:: PROBLEM DESCRIPTION ::
Every line in the data below that holds "power" should be found and copied.

:: PROVIDED DATA ::
(* Let $\varphi>0$, $w^{\max}>0$, $O^{\max}>0$, $S^{\max}>0$, $p_B^{\max}>0$, $\Delta p_B\ge 0$, $J^{\max}>0$ with $J^{\max}\ge p_B^{\max}+\Delta p_B$ and $O^{\max}\ge p_B^{\max}+\Delta p_B$. Set $\theta=\varphi V+O^{\max}$ with $$0<V\le\frac{S^{\max}-w^{\max}-O^{\max}}{\varphi}.$$ Consider the battery dynamics $S(t+1)=S(t)-O(t)+\delta(t)w(t)$, $t=0,1,2,\dots$, with $S(0)\in[0,S^{\max}]$, harvested energy $w(t)\in[0,w^{\max}]$, and let $p_B^*(t)\in[0,p_B^{\max}]$ be the base-station transmit power at slot $t$. Suppose at each slot the quantities $J(t)$ (grid energy), $O(t)$ (energy withdrawn from the battery) and $\delta(t)\in[0,1]$ are chosen by the rule: 1) if $S(t)\ge\theta-\varphi V$, then $J(t)=0$, $O(t)=\min\{p_B^*(t)+\Delta p_B,O^{\max}\}$, and $\delta(t)=1$ if $0\le S(t)<\theta$, $\delta(t)=0$ otherwise; 2) if $S(t)<\theta-\varphi V$, then $J(t)=\min\{p_B^*(t)+\Delta p_B,J^{\max}\}$, $O(t)=\max\{0,p_B^*(t)+\Delta p_B-J(t)\}$, $\delta(t)=1$. Then $S(t)\in[0,S^{\max}]$ for all $t$.
   Context: Setting: a base station powered by the grid and by a renewable source with a storage battery of capacity $S^{\max}$; $S(t)$ is the battery energy level, $w(t)$ the harvested renewable energy in slot $t$ (of which the fraction $\delta(t)$ is stored), $O(t)$ the energy drawn from the battery (maximum discharge rate $O^{\max}$), $J(t)$ the energy drawn from the grid for the BS, $\Delta p_B$ the static power consumption of the BS and $p_B^*(t)$ the BS transmit power chosen at slot $t$ by the resource allocation step (which satisfies the total power constraint $p_B^*(t)\le p_B^{\max}$). *)

theory Defs
  imports Main Complex_Main
begin

end

theory Submission
  imports Defs
begin

text \<open>The threshold \<open>\<theta> - \<phi> V\<close> equals \<open>O\<^sup>m\<^sup>a\<^sup>x\<close>. Above it the battery releases at most \<open>O\<^sup>m\<^sup>a\<^sup>x\<close>,
  so it cannot run empty, and it is recharged only below \<open>\<theta>\<close>, where the choice of \<open>V\<close> leaves
  room for a full harvest \<open>w\<^sup>m\<^sup>a\<^sup>x\<close>. Below it the grid covers the whole demand, so the battery
  only charges, reaching at most \<open>O\<^sup>m\<^sup>a\<^sup>x + w\<^sup>m\<^sup>a\<^sup>x \<le> \<theta> + w\<^sup>m\<^sup>a\<^sup>x \<le> S\<^sup>m\<^sup>a\<^sup>x\<close>.\<close>

lemma discharge_slot_in_range:
  fixes S Smax Omax \<theta> p w wmax :: real
  assumes "0 \<le> Omax" "Omax \<le> S" "S \<le> Smax" "0 \<le> p"
    and "0 \<le> w" "w \<le> wmax" "\<theta> + wmax \<le> Smax"
  shows "0 \<le> S - min p Omax + (if 0 \<le> S \<and> S < \<theta> then 1 else 0) * w
         \<and> S - min p Omax + (if 0 \<le> S \<and> S < \<theta> then 1 else 0) * w \<le> Smax"
proof -
  have "0 \<le> min p Omax" "min p Omax \<le> Omax"
    using assms(1-4) by auto
  then show ?thesis
    using assms by auto
qed

lemma charge_slot_in_range:
  fixes S Smax Omax Jmax p w wmax :: real
  assumes "0 \<le> S" "S < Omax" "p \<le> Jmax"
    and "0 \<le> w" "w \<le> wmax" "Omax + wmax \<le> Smax"
  shows "0 \<le> S - max 0 (p - min p Jmax) + 1 * w
         \<and> S - max 0 (p - min p Jmax) + 1 * w \<le> Smax"
proof -
  have "max 0 (p - min p Jmax) = 0"
    using assms(3) by simp
  then show ?thesis
    using assms by simp
qed

theorem theorem2:
  fixes \<phi> wmax Omax Smax pBmax \<Delta>pB Jmax V \<theta> :: real
    and S w pB J Ob \<delta> :: "nat \<Rightarrow> real"
  assumes "\<phi> > 0" and "wmax > 0" and "Omax > 0" and "Smax > 0" and "pBmax > 0"
    and "\<Delta>pB \<ge> 0" and "Jmax > 0"
    and "Jmax \<ge> pBmax + \<Delta>pB" and "Omax \<ge> pBmax + \<Delta>pB"
    and "\<theta> = \<phi> * V + Omax"
    and "0 < V" and "V \<le> (Smax - wmax - Omax) / \<phi>"
    and "\<And>t. S (Suc t) = S t - Ob t + \<delta> t * w t"
    and "0 \<le> S 0" and "S 0 \<le> Smax"
    and "\<And>t. 0 \<le> w t \<and> w t \<le> wmax"
    and "\<And>t. 0 \<le> pB t \<and> pB t \<le> pBmax"
    and rule1: "\<And>t. S t \<ge> \<theta> - \<phi> * V \<Longrightarrow>
                 J t = 0 \<and> Ob t = min (pB t + \<Delta>pB) Omax \<and>
                 \<delta> t = (if 0 \<le> S t \<and> S t < \<theta> then 1 else 0)"
    and rule2: "\<And>t. S t < \<theta> - \<phi> * V \<Longrightarrow>
                 J t = min (pB t + \<Delta>pB) Jmax \<and> Ob t = max 0 (pB t + \<Delta>pB - J t) \<and>
                 \<delta> t = 1"
  shows "\<forall>t. 0 \<le> S t \<and> S t \<le> Smax"
proof
  fix t
  have threshold: "\<theta> - \<phi> * V = Omax"
    using assms(10) by simp
  have "\<phi> * V \<le> Smax - wmax - Omax" "0 < \<phi> * V"
    using assms(1,11,12) by (simp_all add: pos_le_divide_eq mult.commute)
  then have room: "\<theta> + wmax \<le> Smax" "Omax + wmax \<le> Smax"
    using assms(10) by simp_all
  show "0 \<le> S t \<and> S t \<le> Smax"
  proof (induction t)
    case 0
    then show ?case using assms(14,15) by simp
  next
    case (Suc t)
    have w: "0 \<le> w t" "w t \<le> wmax" and demand: "0 \<le> pB t + \<Delta>pB" "pB t + \<Delta>pB \<le> Jmax"
      using assms(6,8) assms(16,17)[of t] by auto
    show ?case
    proof (cases "Omax \<le> S t")
      case True
      then show ?thesis
        using rule1[of t] discharge_slot_in_range[OF _ True _ demand(1) w room(1)] Suc.IH threshold assms(3,13)
        by simp
    next
      case False
      then show ?thesis
        using rule2[of t] charge_slot_in_range[OF _ _ demand(2) w room(2)] Suc.IH threshold assms(13)
        by simp
    qed
  qed
qed

end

:: TASK RESULT ::
(* Let $\varphi>0$, $w^{\max}>0$, $O^{\max}>0$, $S^{\max}>0$, $p_B^{\max}>0$, $\Delta p_B\ge 0$, $J^{\max}>0$ with $J^{\max}\ge p_B^{\max}+\Delta p_B$ and $O^{\max}\ge p_B^{\max}+\Delta p_B$. Set $\theta=\varphi V+O^{\max}$ with $$0<V\le\frac{S^{\max}-w^{\max}-O^{\max}}{\varphi}.$$ Consider the battery dynamics $S(t+1)=S(t)-O(t)+\delta(t)w(t)$, $t=0,1,2,\dots$, with $S(0)\in[0,S^{\max}]$, harvested energy $w(t)\in[0,w^{\max}]$, and let $p_B^*(t)\in[0,p_B^{\max}]$ be the base-station transmit power at slot $t$. Suppose at each slot the quantities $J(t)$ (grid energy), $O(t)$ (energy withdrawn from the battery) and $\delta(t)\in[0,1]$ are chosen by the rule: 1) if $S(t)\ge\theta-\varphi V$, then $J(t)=0$, $O(t)=\min\{p_B^*(t)+\Delta p_B,O^{\max}\}$, and $\delta(t)=1$ if $0\le S(t)<\theta$, $\delta(t)=0$ otherwise; 2) if $S(t)<\theta-\varphi V$, then $J(t)=\min\{p_B^*(t)+\Delta p_B,J^{\max}\}$, $O(t)=\max\{0,p_B^*(t)+\Delta p_B-J(t)\}$, $\delta(t)=1$. Then $S(t)\in[0,S^{\max}]$ for all $t$.
   Context: Setting: a base station powered by the grid and by a renewable source with a storage battery of capacity $S^{\max}$; $S(t)$ is the battery energy level, $w(t)$ the harvested renewable energy in slot $t$ (of which the fraction $\delta(t)$ is stored), $O(t)$ the energy drawn from the battery (maximum discharge rate $O^{\max}$), $J(t)$ the energy drawn from the grid for the BS, $\Delta p_B$ the static power consumption of the BS and $p_B^*(t)$ the BS transmit power chosen at slot $t$ by the resource allocation step (which satisfies the total power constraint $p_B^*(t)\le p_B^{\max}$). *)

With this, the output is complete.